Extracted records

____

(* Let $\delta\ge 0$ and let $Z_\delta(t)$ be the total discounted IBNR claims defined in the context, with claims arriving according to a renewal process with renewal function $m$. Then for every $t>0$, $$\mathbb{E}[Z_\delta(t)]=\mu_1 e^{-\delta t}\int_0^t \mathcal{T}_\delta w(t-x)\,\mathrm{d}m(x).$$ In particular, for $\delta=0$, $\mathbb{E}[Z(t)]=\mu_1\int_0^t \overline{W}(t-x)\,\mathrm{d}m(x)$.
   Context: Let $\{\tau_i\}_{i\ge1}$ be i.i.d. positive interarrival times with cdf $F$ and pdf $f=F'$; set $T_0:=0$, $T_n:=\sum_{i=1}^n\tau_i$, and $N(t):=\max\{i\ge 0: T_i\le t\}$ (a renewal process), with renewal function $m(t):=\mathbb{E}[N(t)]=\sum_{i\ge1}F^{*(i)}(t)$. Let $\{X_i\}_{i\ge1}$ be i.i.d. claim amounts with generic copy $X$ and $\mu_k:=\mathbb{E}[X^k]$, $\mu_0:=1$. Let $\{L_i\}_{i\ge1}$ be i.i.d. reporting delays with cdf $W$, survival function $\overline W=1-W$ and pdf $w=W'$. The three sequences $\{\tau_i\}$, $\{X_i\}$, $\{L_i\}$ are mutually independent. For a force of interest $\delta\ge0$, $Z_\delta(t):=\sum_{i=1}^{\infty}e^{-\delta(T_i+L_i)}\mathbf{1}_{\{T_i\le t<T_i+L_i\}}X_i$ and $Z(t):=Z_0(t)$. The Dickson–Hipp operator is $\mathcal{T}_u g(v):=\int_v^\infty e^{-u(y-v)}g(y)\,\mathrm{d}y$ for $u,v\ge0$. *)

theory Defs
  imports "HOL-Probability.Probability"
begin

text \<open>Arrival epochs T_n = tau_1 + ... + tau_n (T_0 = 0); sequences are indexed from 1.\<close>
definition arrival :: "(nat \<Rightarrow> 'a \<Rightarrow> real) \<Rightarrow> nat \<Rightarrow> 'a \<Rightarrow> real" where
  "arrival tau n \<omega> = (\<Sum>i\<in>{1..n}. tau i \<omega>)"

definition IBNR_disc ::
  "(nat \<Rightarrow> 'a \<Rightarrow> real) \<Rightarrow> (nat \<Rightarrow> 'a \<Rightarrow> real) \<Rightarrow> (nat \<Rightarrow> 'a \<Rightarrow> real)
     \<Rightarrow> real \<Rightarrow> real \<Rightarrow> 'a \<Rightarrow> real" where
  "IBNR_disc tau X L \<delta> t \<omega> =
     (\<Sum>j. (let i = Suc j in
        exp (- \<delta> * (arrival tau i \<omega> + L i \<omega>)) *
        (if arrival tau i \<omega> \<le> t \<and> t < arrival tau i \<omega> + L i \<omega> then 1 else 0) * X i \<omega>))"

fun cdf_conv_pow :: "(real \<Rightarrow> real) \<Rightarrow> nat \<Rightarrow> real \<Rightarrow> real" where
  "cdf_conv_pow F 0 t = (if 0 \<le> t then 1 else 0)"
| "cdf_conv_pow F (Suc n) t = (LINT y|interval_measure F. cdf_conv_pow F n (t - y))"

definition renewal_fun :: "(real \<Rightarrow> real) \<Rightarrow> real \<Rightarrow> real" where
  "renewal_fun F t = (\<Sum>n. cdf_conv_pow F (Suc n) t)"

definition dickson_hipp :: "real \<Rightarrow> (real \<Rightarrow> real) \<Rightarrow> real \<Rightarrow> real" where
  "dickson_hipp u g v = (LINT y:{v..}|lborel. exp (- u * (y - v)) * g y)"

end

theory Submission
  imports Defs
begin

____

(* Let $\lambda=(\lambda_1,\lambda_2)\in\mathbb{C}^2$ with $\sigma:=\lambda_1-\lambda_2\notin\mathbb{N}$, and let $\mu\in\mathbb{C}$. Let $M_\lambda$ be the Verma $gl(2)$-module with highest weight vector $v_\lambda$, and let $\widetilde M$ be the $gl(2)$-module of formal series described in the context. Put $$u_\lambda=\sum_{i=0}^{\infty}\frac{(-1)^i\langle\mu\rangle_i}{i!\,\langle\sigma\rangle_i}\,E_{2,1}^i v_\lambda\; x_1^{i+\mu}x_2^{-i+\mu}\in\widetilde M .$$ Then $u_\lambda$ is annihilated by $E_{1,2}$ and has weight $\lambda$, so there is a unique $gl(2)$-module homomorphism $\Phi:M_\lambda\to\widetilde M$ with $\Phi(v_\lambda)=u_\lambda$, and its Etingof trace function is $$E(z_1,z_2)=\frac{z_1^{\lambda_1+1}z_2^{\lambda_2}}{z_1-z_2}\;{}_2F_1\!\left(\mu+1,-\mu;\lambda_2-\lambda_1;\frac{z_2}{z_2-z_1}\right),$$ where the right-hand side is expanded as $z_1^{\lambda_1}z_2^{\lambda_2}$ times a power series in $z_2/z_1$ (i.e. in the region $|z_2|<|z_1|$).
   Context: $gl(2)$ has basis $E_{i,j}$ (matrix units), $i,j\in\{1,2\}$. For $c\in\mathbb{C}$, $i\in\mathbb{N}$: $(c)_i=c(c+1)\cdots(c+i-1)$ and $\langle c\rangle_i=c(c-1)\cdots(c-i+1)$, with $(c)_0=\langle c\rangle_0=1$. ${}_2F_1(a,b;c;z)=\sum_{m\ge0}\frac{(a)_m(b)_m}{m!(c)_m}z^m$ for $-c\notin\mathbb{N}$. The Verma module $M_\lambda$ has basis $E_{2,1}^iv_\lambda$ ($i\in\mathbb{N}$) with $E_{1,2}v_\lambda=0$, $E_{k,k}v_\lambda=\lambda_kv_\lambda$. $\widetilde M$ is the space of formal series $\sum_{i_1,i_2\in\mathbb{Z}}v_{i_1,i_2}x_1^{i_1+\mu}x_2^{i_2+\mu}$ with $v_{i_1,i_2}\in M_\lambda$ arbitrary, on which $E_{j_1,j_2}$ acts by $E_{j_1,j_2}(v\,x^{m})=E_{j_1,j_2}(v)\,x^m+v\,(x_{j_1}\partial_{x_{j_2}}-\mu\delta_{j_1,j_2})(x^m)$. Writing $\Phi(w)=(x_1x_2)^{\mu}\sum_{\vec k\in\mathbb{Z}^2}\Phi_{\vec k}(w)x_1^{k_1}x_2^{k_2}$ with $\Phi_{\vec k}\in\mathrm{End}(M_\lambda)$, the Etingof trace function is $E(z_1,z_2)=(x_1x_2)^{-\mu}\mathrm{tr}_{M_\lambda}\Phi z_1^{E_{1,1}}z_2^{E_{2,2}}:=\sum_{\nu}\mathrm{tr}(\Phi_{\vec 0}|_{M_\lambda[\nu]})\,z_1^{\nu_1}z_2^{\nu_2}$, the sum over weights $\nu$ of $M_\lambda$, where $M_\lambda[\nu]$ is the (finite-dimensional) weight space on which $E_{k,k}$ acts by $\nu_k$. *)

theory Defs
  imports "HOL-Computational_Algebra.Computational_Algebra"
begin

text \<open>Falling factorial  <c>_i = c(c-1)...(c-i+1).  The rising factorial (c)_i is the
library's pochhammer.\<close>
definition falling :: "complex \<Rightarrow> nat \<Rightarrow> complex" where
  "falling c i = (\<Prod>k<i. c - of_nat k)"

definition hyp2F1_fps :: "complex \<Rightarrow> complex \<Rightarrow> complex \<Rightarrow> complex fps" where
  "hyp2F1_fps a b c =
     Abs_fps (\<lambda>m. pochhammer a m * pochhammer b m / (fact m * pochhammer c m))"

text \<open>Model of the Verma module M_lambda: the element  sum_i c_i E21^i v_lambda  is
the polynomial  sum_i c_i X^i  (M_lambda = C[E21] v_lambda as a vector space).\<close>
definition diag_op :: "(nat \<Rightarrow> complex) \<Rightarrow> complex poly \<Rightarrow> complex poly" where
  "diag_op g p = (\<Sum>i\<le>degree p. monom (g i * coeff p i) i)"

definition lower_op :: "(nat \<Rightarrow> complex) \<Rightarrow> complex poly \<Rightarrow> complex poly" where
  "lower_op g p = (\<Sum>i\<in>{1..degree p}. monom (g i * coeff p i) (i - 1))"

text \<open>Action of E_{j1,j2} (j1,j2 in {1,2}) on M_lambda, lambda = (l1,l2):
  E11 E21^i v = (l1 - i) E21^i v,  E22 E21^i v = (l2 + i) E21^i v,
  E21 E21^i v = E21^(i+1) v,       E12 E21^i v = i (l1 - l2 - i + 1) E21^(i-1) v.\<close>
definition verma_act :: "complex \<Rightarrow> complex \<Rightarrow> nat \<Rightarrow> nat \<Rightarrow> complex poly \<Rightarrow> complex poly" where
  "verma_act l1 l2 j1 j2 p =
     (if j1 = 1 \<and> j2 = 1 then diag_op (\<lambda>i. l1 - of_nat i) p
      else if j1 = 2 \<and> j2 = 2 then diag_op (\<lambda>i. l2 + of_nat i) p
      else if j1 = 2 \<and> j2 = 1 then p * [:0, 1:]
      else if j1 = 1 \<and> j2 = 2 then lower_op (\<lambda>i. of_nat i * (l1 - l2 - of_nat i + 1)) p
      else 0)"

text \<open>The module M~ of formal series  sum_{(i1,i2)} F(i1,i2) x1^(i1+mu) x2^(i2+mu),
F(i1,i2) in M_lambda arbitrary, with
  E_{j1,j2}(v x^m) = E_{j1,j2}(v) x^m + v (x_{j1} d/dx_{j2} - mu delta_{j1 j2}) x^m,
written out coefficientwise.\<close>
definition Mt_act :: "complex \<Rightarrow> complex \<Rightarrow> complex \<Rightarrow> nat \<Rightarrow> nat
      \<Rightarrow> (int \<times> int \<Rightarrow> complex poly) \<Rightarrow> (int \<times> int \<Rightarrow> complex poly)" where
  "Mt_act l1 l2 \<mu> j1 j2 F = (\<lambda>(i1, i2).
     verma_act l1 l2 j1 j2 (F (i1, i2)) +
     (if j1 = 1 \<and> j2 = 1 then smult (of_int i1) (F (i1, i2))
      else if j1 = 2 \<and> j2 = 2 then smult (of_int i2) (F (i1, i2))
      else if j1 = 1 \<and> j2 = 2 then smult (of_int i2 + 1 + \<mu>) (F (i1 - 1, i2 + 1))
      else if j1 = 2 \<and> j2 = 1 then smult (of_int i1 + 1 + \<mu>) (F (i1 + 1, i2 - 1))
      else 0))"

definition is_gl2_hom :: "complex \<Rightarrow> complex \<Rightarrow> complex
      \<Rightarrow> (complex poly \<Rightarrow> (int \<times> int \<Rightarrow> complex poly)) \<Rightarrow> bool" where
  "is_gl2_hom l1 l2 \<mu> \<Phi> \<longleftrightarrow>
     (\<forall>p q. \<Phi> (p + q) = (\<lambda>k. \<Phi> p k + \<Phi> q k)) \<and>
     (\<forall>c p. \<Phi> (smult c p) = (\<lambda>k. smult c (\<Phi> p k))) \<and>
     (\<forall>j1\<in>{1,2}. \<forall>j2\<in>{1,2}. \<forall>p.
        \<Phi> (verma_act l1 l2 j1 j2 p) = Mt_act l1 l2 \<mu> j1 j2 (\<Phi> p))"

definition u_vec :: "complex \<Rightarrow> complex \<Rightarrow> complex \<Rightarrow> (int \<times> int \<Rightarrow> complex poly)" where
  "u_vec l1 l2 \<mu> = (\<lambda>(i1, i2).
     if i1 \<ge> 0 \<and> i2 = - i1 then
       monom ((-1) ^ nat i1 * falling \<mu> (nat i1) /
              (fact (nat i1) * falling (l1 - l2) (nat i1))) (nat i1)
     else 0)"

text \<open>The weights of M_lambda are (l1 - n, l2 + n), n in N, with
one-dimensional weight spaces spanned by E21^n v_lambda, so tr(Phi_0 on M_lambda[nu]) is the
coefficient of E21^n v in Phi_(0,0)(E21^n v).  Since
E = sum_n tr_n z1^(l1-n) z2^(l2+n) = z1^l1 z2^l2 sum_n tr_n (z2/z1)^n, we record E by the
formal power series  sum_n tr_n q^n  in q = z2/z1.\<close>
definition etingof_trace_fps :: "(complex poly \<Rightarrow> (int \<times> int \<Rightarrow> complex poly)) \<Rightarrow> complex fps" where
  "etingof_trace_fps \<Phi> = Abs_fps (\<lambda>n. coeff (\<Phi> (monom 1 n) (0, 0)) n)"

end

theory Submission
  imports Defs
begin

____

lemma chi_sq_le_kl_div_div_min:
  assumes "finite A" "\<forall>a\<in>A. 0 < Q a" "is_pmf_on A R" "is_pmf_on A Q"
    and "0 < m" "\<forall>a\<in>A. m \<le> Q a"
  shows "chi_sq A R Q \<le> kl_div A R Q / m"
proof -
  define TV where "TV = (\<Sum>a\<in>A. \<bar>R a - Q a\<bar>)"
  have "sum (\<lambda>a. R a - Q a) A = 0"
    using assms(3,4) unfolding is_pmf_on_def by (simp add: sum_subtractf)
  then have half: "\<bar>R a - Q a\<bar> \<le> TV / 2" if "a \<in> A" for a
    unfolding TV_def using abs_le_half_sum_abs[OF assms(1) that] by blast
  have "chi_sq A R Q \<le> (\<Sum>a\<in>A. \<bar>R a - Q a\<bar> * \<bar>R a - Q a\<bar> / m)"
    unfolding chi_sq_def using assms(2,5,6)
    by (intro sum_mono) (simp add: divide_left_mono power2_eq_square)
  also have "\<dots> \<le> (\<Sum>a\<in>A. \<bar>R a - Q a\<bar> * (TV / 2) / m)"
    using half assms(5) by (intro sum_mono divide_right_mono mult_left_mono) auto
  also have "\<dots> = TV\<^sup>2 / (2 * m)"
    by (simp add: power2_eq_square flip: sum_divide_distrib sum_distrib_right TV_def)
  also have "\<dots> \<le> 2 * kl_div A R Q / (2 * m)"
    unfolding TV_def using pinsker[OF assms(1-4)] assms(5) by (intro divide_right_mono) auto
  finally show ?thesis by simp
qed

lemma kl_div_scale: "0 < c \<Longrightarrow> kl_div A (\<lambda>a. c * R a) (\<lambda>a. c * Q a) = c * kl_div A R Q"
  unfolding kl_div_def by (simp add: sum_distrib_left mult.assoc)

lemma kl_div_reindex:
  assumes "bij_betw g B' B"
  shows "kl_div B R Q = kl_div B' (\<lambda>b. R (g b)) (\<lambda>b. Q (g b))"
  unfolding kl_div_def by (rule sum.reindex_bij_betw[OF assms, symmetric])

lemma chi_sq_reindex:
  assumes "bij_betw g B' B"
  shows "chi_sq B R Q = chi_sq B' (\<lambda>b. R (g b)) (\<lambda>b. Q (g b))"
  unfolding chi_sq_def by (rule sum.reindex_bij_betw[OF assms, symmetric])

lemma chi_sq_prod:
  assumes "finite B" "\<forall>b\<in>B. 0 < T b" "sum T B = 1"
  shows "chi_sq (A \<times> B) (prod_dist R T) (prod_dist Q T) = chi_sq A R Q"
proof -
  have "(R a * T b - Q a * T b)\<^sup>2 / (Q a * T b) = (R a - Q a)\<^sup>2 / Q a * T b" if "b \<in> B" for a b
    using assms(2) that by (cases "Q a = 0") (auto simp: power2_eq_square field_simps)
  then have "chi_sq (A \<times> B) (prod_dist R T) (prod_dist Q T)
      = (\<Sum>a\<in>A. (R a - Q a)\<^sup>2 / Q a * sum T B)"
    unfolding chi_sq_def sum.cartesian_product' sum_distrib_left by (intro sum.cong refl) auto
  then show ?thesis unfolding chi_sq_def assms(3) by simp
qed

____

■ EXERCISE DETAILS
Print exactly the lines above from the one with "(* Let $\delta\ge" to the one with "X L \<delta>", including both.

■ RESULT OF THE TASK
(* Let $\delta\ge 0$ and let $Z_\delta(t)$ be the total discounted IBNR claims defined in the context, with claims arriving according to a renewal process with renewal function $m$. Then for every $t>0$, $$\mathbb{E}[Z_\delta(t)]=\mu_1 e^{-\delta t}\int_0^t \mathcal{T}_\delta w(t-x)\,\mathrm{d}m(x).$$ In particular, for $\delta=0$, $\mathbb{E}[Z(t)]=\mu_1\int_0^t \overline{W}(t-x)\,\mathrm{d}m(x)$.
   Context: Let $\{\tau_i\}_{i\ge1}$ be i.i.d. positive interarrival times with cdf $F$ and pdf $f=F'$; set $T_0:=0$, $T_n:=\sum_{i=1}^n\tau_i$, and $N(t):=\max\{i\ge 0: T_i\le t\}$ (a renewal process), with renewal function $m(t):=\mathbb{E}[N(t)]=\sum_{i\ge1}F^{*(i)}(t)$. Let $\{X_i\}_{i\ge1}$ be i.i.d. claim amounts with generic copy $X$ and $\mu_k:=\mathbb{E}[X^k]$, $\mu_0:=1$. Let $\{L_i\}_{i\ge1}$ be i.i.d. reporting delays with cdf $W$, survival function $\overline W=1-W$ and pdf $w=W'$. The three sequences $\{\tau_i\}$, $\{X_i\}$, $\{L_i\}$ are mutually independent. For a force of interest $\delta\ge0$, $Z_\delta(t):=\sum_{i=1}^{\infty}e^{-\delta(T_i+L_i)}\mathbf{1}_{\{T_i\le t<T_i+L_i\}}X_i$ and $Z(t):=Z_0(t)$. The Dickson–Hipp operator is $\mathcal{T}_u g(v):=\int_v^\infty e^{-u(y-v)}g(y)\,\mathrm{d}y$ for $u,v\ge0$. *)

theory Defs
  imports "HOL-Probability.Probability"
begin

text \<open>Arrival epochs T_n = tau_1 + ... + tau_n (T_0 = 0); sequences are indexed from 1.\<close>
definition arrival :: "(nat \<Rightarrow> 'a \<Rightarrow> real) \<Rightarrow> nat \<Rightarrow> 'a \<Rightarrow> real" where
  "arrival tau n \<omega> = (\<Sum>i\<in>{1..n}. tau i \<omega>)"

definition IBNR_disc ::
  "(nat \<Rightarrow> 'a \<Rightarrow> real) \<Rightarrow> (nat \<Rightarrow> 'a \<Rightarrow> real) \<Rightarrow> (nat \<Rightarrow> 'a \<Rightarrow> real)
     \<Rightarrow> real \<Rightarrow> real \<Rightarrow> 'a \<Rightarrow> real" where
  "IBNR_disc tau X L \<delta> t \<omega> =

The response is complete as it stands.